> Prompt:
Look at each line of the listing. Copy those that hold the string "factorisation".

> Excerpted data:
(* The polynomial $p(t)=t^4+3t^2+1$ is irreducible in $\Gamma_7=\mathbb{Q}(\zeta_7)[t,t^{-1}]$, where $\zeta_7$ is a primitive $7$-th root of unity. *)

theory Defs
  imports Complex_Main "HOL-Algebra.Ring_Divisibility"
begin

definition zeta7 :: complex where
  "zeta7 = cis (2 * pi / 7)"

definition Qzeta7 :: "complex set" where
  "Qzeta7 = \<Inter> {F. 0 \<in> F \<and> 1 \<in> F \<and> zeta7 \<in> F \<and>
                  (\<forall>x\<in>F. \<forall>y\<in>F. x + y \<in> F \<and> x * y \<in> F) \<and>
                  (\<forall>x\<in>F. - x \<in> F \<and> inverse x \<in> F)}"

text \<open>Laurent polynomials over a subfield K of C: finitely supported coefficient
  functions int => complex (coefficient of t^n at n) with all coefficients in K.\<close>
definition laurent_mult :: "(int \<Rightarrow> complex) \<Rightarrow> (int \<Rightarrow> complex) \<Rightarrow> int \<Rightarrow> complex" where
  "laurent_mult f g = (\<lambda>n. \<Sum>m\<in>{m. f m \<noteq> 0}. f m * g (n - m))"

definition laurent_ring :: "complex set \<Rightarrow> (int \<Rightarrow> complex) ring" where
  "laurent_ring K = \<lparr> carrier = {f. finite {n. f n \<noteq> 0} \<and> (\<forall>n. f n \<in> K)},
                       monoid.mult = laurent_mult,
                       one = (\<lambda>n. if n = 0 then 1 else 0),
                       zero = (\<lambda>n. 0),
                       add = (\<lambda>f g n. f n + g n) \<rparr>"

definition Gamma7 :: "(int \<Rightarrow> complex) ring" where
  "Gamma7 = laurent_ring Qzeta7"

definition p_poly :: "int \<Rightarrow> complex" where
  "p_poly = (\<lambda>n. if n = 0 then 1 else if n = 2 then 3 else if n = 4 then 1 else 0)"

end

theory Submission
  imports Defs "HOL-Computational_Algebra.Computational_Algebra"
    "HOL-Computational_Algebra.Field_as_Ring"
begin

text \<open>The roots of \<open>p\<close> are \<open>\<plusminus>i\<phi>\<close> and \<open>\<plusminus>i/\<phi>\<close>, \<open>\<phi>\<close> the golden ratio, so a linear factor or a
  factorisation into two quadratics over \<open>K = \<rat>(\<zeta>\<^sub>7)\<close> makes one of \<open>5, -1, -5\<close> a square in \<open>K\<close>.
  None is: \<open>K = L(\<surd>-7)\<close> with \<open>L = \<rat>(\<zeta>\<^sub>7 + \<zeta>\<^sub>7\<^sup>-\<^sup>1)\<close> the real cubic subfield, so a square root
  of such an \<open>m\<close> yields a square root of \<open>m\<close> or \<open>-7m\<close> in \<open>L\<close>, and a cubic field contains no
  square root of a rational non-square, since its trace would be an odd multiple of it.
  Up to powers of \<open>t\<close>, evaluation turns a factorisation in \<open>\<Gamma>\<^sub>7\<close> into one in \<open>K[t]\<close>, and a
  Laurent polynomial whose associated polynomial is constant is a unit monomial.\<close>

section \<open>Identities for \<open>\<zeta>\<^sub>7\<close>\<close>

lemma zeta7_pow_7: "zeta7 ^ 7 = 1"
  unfolding zeta7_def DeMoivre by simp

lemma zeta7_neq_1: "zeta7 \<noteq> 1"
proof
  assume "zeta7 = 1"
  hence "Im zeta7 = 0" by simp
  moreover have "sin (2 * pi / 7) > 0" by (rule sin_gt_zero) auto
  ultimately show False unfolding zeta7_def by simp
qed

lemma zeta7_cyclotomic_sum: "1 + zeta7 + zeta7^2 + zeta7^3 + zeta7^4 + zeta7^5 + zeta7^6 = 0"
proof -
  have "(zeta7 - 1) * (1 + zeta7 + zeta7^2 + zeta7^3 + zeta7^4 + zeta7^5 + zeta7^6) = zeta7^7 - 1"
    by (simp add: algebra_simps eval_nat_numeral)
  with zeta7_pow_7 zeta7_neq_1 show ?thesis by simp
qed

text \<open>The identities in \<open>\<zeta>\<^sub>7\<close> below are proved by exhibiting the quotient of the
  polynomial identity, moved to one side, by the 7th cyclotomic polynomial.\<close>

lemma eq_0_if_cyclotomic_multiple:
  fixes G Q :: complex
  assumes "G = Q * (1 + zeta7 + zeta7^2 + zeta7^3 + zeta7^4 + zeta7^5 + zeta7^6)"
  shows "G = 0"
  using assms zeta7_cyclotomic_sum by simp

definition eta :: "nat \<Rightarrow> complex" where
  "eta k = zeta7 ^ k + zeta7 ^ (7 - k)"

definition gauss7 :: complex where
  "gauss7 = 2 * (zeta7 + zeta7^2 + zeta7^4) + 1"

lemma eta_cubic:
  assumes "k \<in> {1, 2, 3}"
  shows "eta k ^ 3 + eta k ^ 2 - 2 * eta k - 1 = 0"
proof -
  consider "k = 1" | "k = 2" | "k = 3" using assms by blast
  then show ?thesis
  proof cases
    case 1
    show ?thesis unfolding 1 eta_def
      by (rule eq_0_if_cyclotomic_multiple[where Q = "- 1 - zeta7 + 3 * zeta7^2 - zeta7^4
            - 2 * zeta7^6 + 3 * zeta7^7 - zeta7^11 + zeta7^12"])
         (simp add: algebra_simps eval_nat_numeral)
  next
    case 2
    show ?thesis unfolding 2 eta_def
      by (rule eq_0_if_cyclotomic_multiple[where Q = "- 1 + zeta7 - 2 * zeta7^2 + 2 * zeta7^3
            + zeta7^4 - 3 * zeta7^5 + 3 * zeta7^6 - zeta7^8 + zeta7^9"])
         (simp add: algebra_simps eval_nat_numeral)
  next
    case 3
    show ?thesis unfolding 3 eta_def
      by (rule eq_0_if_cyclotomic_multiple[where Q = "- 1 + zeta7 - 2 * zeta7^3 + 2 * zeta7^5
            + zeta7^6"])
         (simp add: algebra_simps eval_nat_numeral)
  qed
qed

lemma eta_sum: "eta 1 + eta 2 + eta 3 = -1"
proof -
  have "eta 1 + eta 2 + eta 3 + 1 = 0" unfolding eta_def
    by (rule eq_0_if_cyclotomic_multiple[where Q = 1]) (simp add: algebra_simps eval_nat_numeral)
  thus ?thesis by (simp add: eq_neg_iff_add_eq_0)
qed

lemma eta_square_sum: "eta 1 ^ 2 + eta 2 ^ 2 + eta 3 ^ 2 = 5"
proof -
  have "eta 1 ^ 2 + eta 2 ^ 2 + eta 3 ^ 2 - 5 = 0" unfolding eta_def
    by (rule eq_0_if_cyclotomic_multiple[where Q = "- 5 + 5 * zeta7 + zeta7^2 - zeta7^3
          + zeta7^4 - zeta7^5 + zeta7^6"])
       (simp add: algebra_simps eval_nat_numeral)
  thus ?thesis by simp
qed

lemma gauss7_square: "gauss7 ^ 2 = -7"
proof -
  have "gauss7 ^ 2 + 7 = 0" unfolding gauss7_def
    by (rule eq_0_if_cyclotomic_multiple[where Q = "8 - 4 * zeta7 + 4 * zeta7^2"])
       (simp add: algebra_simps eval_nat_numeral)
  thus ?thesis by (simp add: eq_neg_iff_add_eq_0)
qed

lemma zeta7_eq_eta_gauss7: "zeta7 = eta 1 / 2 + (- (2 * eta 1 ^ 2 - eta 1 - 6) / 14) * gauss7"
proof -
  have "7 * eta 1 - (2 * eta 1 ^ 2 - eta 1 - 6) * gauss7 - 14 * zeta7 = 0"
    unfolding eta_def gauss7_def
    by (rule eq_0_if_cyclotomic_multiple[where Q = "6 + 6 * zeta7^2 - 14 * zeta7^3 + 10 * zeta7^4
          - 6 * zeta7^5 + 2 * zeta7^6 - 4 * zeta7^8 + 4 * zeta7^9 - 4 * zeta7^10"])
       (simp add: algebra_simps eval_nat_numeral)
  thus ?thesis by (simp add: field_simps)
qed

lemma cnj_zeta7_pow:
  assumes "k \<le> 7"
  shows "cnj (zeta7 ^ k) = zeta7 ^ (7 - k)"
proof -
  have "norm (zeta7 ^ k) = 1" unfolding zeta7_def by (simp add: norm_power)
  hence "zeta7 ^ k * cnj (zeta7 ^ k) = 1" using complex_norm_square[of "zeta7 ^ k"] by simp
  moreover have "zeta7 ^ k * zeta7 ^ (7 - k) = 1"
    using assms zeta7_pow_7 by (simp flip: power_add)
  ultimately show ?thesis by (metis inverse_unique)
qed

lemma eta_real: "k \<le> 7 \<Longrightarrow> eta k \<in> \<real>"
  unfolding eta_def by (metis cnj_zeta7_pow complex_add_cnj Reals_of_real)

lemma Reals_square_neq_neg:
  fixes y :: complex
  assumes "y \<in> \<real>" "c > 0"
  shows "y ^ 2 \<noteq> - of_real c"
proof
  assume sq: "y ^ 2 = - of_real c"
  obtain t where "y = of_real t" using assms(1) by (auto elim: Reals_cases)
  hence "of_real (t ^ 2) = (of_real (- c) :: complex)" using sq by simp
  hence "t ^ 2 = - c" by (simp only: of_real_eq_iff)
  thus False using assms(2) by (metis neg_less_0_iff_less not_less zero_le_power2)
qed

lemma gauss7_not_real: "gauss7 \<notin> \<real>"
  using Reals_square_neq_neg[of gauss7 7] gauss7_square by auto

section \<open>Rational polynomials evaluated in \<open>\<complex>\<close>\<close>

definition rat_poly_eval :: "rat poly \<Rightarrow> complex \<Rightarrow> complex" where
  "rat_poly_eval g x = poly (map_poly of_rat g) x"

lemma rat_poly_eval_altdef: "rat_poly_eval g x = (\<Sum>i\<le>degree g. of_rat (coeff g i) * x ^ i)"
  unfolding rat_poly_eval_def poly_altdef by (simp add: coeff_map_poly degree_map_poly)

lemma rat_poly_eval_add [simp]: "rat_poly_eval (g + h) x = rat_poly_eval g x + rat_poly_eval h x"
proof -
  have "map_poly (of_rat :: rat \<Rightarrow> complex) (g + h) = map_poly of_rat g + map_poly of_rat h"
    by (rule poly_eqI) (simp add: coeff_map_poly of_rat_add)
  thus ?thesis by (simp add: rat_poly_eval_def)
qed
(* For a semiring $(S,+,\cdot)$ the following are equivalent: (i) $S$ is a quasi completely regular semiring and $e+f=f+e$ for all $e,f\in E^+(S)$; (ii) $S$ is a b-lattice of quasi skew-rings and $e+f=f+e$ for all $e,f\in E^+(S)$; (iii) $S$ is additively quasi regular and $Reg^+S$ is a subsemigroup of $(S,+)$ which (as a semiring under the restricted operations) is a b-lattice of skew-rings.
   Context: A semiring $(S,+,\cdot)$ has two associative operations with $a(b+c)=ab+ac$, $(b+c)a=ba+ca$. $na$ is the $n$-fold sum of $a$. $E^+(S)$ is the set of additive idempotents; $Reg^+S$ is the set of additively regular elements ($a=a+x+a$ for some $x\in S$). $S$ is additively quasi regular if for each $a$ some $na$ is additively regular. $a$ is completely regular if there is $x$ with $a=a+x+a$, $a+x=x+a$, $a(a+x)=a+x$; $S$ is quasi completely regular if for each $a$ some $na$ is completely regular. A skew-ring is a semiring whose additive reduct is a (not necessarily commutative) group. A quasi skew-ring is a semiring $T$ containing a subsemiring $R$ which is a skew-ring such that for every $a\in T$ some $na\in R$. A b-lattice is a semiring with $(S,\cdot)$ a band and $(S,+)$ a semilattice; $S$ is a b-lattice of semirings of a class if there is a congruence $\rho$ on $S$ with $S/\rho$ a b-lattice and each $\rho$-class a subsemiring in that class. *)

theory Defs
  imports Main
begin

text \<open>Semirings in the sense of the paper: a carrier S with two associative
  binary operations (no zero, no one, addition not necessarily commutative)
  satisfying both distributive laws.  Everything is relative to a carrier set,
  since subsemirings, congruence classes and quotients must be handled.\<close>

definition semiring :: "'a set \<Rightarrow> ('a \<Rightarrow> 'a \<Rightarrow> 'a) \<Rightarrow> ('a \<Rightarrow> 'a \<Rightarrow> 'a) \<Rightarrow> bool" where
  "semiring S add mul \<longleftrightarrow>
     (\<forall>a\<in>S. \<forall>b\<in>S. add a b \<in> S \<and> mul a b \<in> S) \<and>
     (\<forall>a\<in>S. \<forall>b\<in>S. \<forall>c\<in>S. add (add a b) c = add a (add b c)) \<and>
     (\<forall>a\<in>S. \<forall>b\<in>S. \<forall>c\<in>S. mul (mul a b) c = mul a (mul b c)) \<and>
     (\<forall>a\<in>S. \<forall>b\<in>S. \<forall>c\<in>S. mul a (add b c) = add (mul a b) (mul a c)) \<and>
     (\<forall>a\<in>S. \<forall>b\<in>S. \<forall>c\<in>S. mul (add b c) a = add (mul b a) (mul c a))"

text \<open>n-fold sum n a (only used for n \<ge> 1).\<close>
fun nsum :: "('a \<Rightarrow> 'a \<Rightarrow> 'a) \<Rightarrow> nat \<Rightarrow> 'a \<Rightarrow> 'a" where
  "nsum add 0 a = a"
| "nsum add (Suc 0) a = a"
| "nsum add (Suc (Suc n)) a = add (nsum add (Suc n) a) a"

definition add_idem :: "'a set \<Rightarrow> ('a \<Rightarrow> 'a \<Rightarrow> 'a) \<Rightarrow> 'a set" where
  "add_idem S add = {e\<in>S. add e e = e}"

definition add_regular :: "'a set \<Rightarrow> ('a \<Rightarrow> 'a \<Rightarrow> 'a) \<Rightarrow> 'a \<Rightarrow> bool" where
  "add_regular S add a \<longleftrightarrow> (\<exists>x\<in>S. a = add (add a x) a)"

definition Reg_add :: "'a set \<Rightarrow> ('a \<Rightarrow> 'a \<Rightarrow> 'a) \<Rightarrow> 'a set" where
  "Reg_add S add = {a\<in>S. add_regular S add a}"

definition add_quasi_regular :: "'a set \<Rightarrow> ('a \<Rightarrow> 'a \<Rightarrow> 'a) \<Rightarrow> bool" where
  "add_quasi_regular S add \<longleftrightarrow> (\<forall>a\<in>S. \<exists>n>0. add_regular S add (nsum add n a))"

definition completely_regular ::
  "'a set \<Rightarrow> ('a \<Rightarrow> 'a \<Rightarrow> 'a) \<Rightarrow> ('a \<Rightarrow> 'a \<Rightarrow> 'a) \<Rightarrow> 'a \<Rightarrow> bool" where
  "completely_regular S add mul a \<longleftrightarrow>
     (\<exists>x\<in>S. a = add (add a x) a \<and> add a x = add x a \<and> mul a (add a x) = add a x)"

definition quasi_completely_regular ::
  "'a set \<Rightarrow> ('a \<Rightarrow> 'a \<Rightarrow> 'a) \<Rightarrow> ('a \<Rightarrow> 'a \<Rightarrow> 'a) \<Rightarrow> bool" where
  "quasi_completely_regular S add mul \<longleftrightarrow>
     semiring S add mul \<and> (\<forall>a\<in>S. \<exists>n>0. completely_regular S add mul (nsum add n a))"

definition skew_ring :: "'a set \<Rightarrow> ('a \<Rightarrow> 'a \<Rightarrow> 'a) \<Rightarrow> ('a \<Rightarrow> 'a \<Rightarrow> 'a) \<Rightarrow> bool" where
  "skew_ring S add mul \<longleftrightarrow> semiring S add mul \<and>
     (\<exists>z\<in>S. (\<forall>a\<in>S. add z a = a \<and> add a z = a \<and> (\<exists>b\<in>S. add a b = z \<and> add b a = z)))"

definition subsemiring ::
  "'a set \<Rightarrow> 'a set \<Rightarrow> ('a \<Rightarrow> 'a \<Rightarrow> 'a) \<Rightarrow> ('a \<Rightarrow> 'a \<Rightarrow> 'a) \<Rightarrow> bool" where
  "subsemiring R S add mul \<longleftrightarrow> R \<subseteq> S \<and> (\<forall>a\<in>R. \<forall>b\<in>R. add a b \<in> R \<and> mul a b \<in> R)"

> Answer box:
  factorisation into two quadratics over \<open>K = \<rat>(\<zeta>\<^sub>7)\<close> makes one of \<open>5, -1, -5\<close> a square in \<open>K\<close>.
  Up to powers of \<open>t\<close>, evaluation turns a factorisation in \<open>\<Gamma>\<^sub>7\<close> into one in \<open>K[t]\<close>, and a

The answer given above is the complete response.